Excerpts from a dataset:
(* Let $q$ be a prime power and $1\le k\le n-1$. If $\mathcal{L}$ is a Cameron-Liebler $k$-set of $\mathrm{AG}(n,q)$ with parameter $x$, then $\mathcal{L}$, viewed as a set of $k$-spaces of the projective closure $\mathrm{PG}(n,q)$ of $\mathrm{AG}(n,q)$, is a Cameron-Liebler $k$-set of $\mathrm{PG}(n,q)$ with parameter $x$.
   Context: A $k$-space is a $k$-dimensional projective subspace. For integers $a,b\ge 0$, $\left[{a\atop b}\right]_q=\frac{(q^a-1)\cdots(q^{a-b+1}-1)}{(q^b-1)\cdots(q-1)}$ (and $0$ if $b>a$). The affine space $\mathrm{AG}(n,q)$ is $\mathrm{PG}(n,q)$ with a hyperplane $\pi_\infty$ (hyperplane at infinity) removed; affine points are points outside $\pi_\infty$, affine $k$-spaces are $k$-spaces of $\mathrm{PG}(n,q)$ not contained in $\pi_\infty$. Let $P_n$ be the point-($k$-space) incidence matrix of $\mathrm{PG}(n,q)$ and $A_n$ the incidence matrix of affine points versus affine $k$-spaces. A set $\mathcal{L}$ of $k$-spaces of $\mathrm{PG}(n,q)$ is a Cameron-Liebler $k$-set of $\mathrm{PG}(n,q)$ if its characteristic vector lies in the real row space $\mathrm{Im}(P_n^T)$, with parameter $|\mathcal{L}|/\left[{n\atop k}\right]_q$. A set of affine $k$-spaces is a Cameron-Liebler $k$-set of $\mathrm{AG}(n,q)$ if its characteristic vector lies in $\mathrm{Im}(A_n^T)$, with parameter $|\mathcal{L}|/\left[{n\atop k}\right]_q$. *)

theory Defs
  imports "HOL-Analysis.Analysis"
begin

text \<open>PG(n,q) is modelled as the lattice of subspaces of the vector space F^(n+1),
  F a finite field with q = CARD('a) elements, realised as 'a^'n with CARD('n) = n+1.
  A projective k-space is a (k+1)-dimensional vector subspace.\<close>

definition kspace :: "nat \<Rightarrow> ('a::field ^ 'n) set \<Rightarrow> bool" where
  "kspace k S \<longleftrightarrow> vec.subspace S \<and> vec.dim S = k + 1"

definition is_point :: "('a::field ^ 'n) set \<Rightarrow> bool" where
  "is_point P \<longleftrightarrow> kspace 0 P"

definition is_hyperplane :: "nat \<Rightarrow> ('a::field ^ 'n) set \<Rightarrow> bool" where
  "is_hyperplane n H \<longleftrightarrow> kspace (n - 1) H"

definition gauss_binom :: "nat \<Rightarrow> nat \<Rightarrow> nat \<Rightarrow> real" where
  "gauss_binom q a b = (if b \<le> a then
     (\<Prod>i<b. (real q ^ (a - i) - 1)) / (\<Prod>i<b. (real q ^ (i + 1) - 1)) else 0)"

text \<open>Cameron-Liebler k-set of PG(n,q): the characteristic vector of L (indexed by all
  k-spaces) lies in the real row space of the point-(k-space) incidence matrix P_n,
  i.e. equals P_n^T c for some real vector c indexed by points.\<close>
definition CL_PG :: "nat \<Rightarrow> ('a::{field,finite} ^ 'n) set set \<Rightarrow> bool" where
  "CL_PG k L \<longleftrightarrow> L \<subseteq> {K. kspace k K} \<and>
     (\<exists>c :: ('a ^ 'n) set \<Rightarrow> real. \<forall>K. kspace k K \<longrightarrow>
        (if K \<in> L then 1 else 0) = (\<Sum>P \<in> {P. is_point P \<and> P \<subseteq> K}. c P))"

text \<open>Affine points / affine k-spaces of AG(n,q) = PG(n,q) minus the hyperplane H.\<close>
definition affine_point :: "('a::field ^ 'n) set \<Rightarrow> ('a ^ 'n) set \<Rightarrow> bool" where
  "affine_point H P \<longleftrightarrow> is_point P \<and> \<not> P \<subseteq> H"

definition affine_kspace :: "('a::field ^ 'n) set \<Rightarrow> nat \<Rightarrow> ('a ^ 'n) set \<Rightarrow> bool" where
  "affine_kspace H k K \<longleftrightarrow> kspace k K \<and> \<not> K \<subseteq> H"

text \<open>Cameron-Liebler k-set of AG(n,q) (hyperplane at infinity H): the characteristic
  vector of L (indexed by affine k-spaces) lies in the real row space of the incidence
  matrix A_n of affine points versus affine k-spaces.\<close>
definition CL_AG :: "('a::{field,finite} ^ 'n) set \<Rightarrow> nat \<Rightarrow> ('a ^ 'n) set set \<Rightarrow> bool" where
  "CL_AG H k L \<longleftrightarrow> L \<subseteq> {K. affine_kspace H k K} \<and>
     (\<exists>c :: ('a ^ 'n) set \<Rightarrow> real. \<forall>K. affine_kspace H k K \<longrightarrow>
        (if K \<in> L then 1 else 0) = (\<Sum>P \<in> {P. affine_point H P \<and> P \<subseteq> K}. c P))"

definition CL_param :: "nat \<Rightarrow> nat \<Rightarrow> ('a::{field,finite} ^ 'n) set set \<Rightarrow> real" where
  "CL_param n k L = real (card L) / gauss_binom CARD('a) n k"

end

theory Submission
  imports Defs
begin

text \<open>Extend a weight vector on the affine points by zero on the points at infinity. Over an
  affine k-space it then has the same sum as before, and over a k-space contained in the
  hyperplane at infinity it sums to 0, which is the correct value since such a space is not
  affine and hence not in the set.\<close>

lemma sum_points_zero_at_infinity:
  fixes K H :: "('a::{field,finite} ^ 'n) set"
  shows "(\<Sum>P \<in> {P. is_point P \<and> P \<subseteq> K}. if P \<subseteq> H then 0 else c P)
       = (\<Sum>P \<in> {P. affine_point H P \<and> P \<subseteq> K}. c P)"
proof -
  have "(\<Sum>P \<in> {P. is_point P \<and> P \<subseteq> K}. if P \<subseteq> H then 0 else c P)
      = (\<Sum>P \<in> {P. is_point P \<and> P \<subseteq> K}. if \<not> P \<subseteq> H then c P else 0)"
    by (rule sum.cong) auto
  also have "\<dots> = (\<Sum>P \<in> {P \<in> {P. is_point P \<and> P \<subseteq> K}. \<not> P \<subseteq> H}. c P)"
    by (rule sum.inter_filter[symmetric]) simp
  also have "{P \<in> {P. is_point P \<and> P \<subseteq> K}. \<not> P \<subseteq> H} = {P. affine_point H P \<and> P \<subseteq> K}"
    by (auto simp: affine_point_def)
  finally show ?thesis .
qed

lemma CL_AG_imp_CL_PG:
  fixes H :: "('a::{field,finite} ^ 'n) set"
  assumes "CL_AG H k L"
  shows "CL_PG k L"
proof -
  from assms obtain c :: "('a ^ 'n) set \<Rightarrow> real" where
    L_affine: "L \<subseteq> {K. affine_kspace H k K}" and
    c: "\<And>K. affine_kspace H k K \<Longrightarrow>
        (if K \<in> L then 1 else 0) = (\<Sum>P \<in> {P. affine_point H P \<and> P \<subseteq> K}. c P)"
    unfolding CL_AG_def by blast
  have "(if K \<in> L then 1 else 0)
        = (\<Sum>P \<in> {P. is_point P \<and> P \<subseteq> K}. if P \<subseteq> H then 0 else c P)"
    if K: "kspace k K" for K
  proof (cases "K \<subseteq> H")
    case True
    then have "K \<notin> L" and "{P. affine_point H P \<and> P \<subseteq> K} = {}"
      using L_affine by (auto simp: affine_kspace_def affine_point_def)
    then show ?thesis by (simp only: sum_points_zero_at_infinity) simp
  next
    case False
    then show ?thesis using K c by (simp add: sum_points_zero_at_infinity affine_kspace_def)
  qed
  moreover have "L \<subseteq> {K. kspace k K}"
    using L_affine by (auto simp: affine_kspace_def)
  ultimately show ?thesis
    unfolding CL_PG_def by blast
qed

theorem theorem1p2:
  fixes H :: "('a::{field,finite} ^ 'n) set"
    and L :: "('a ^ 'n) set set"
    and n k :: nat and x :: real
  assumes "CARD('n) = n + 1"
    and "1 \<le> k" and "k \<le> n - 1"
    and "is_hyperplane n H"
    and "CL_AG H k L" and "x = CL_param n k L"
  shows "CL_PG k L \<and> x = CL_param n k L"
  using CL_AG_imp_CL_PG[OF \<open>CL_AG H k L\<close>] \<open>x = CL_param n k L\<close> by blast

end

▶ [What is required] Looking only at the entries, count the lines that contain the word "have", then state that count and nothing else.

▶ [Answer for the task] 6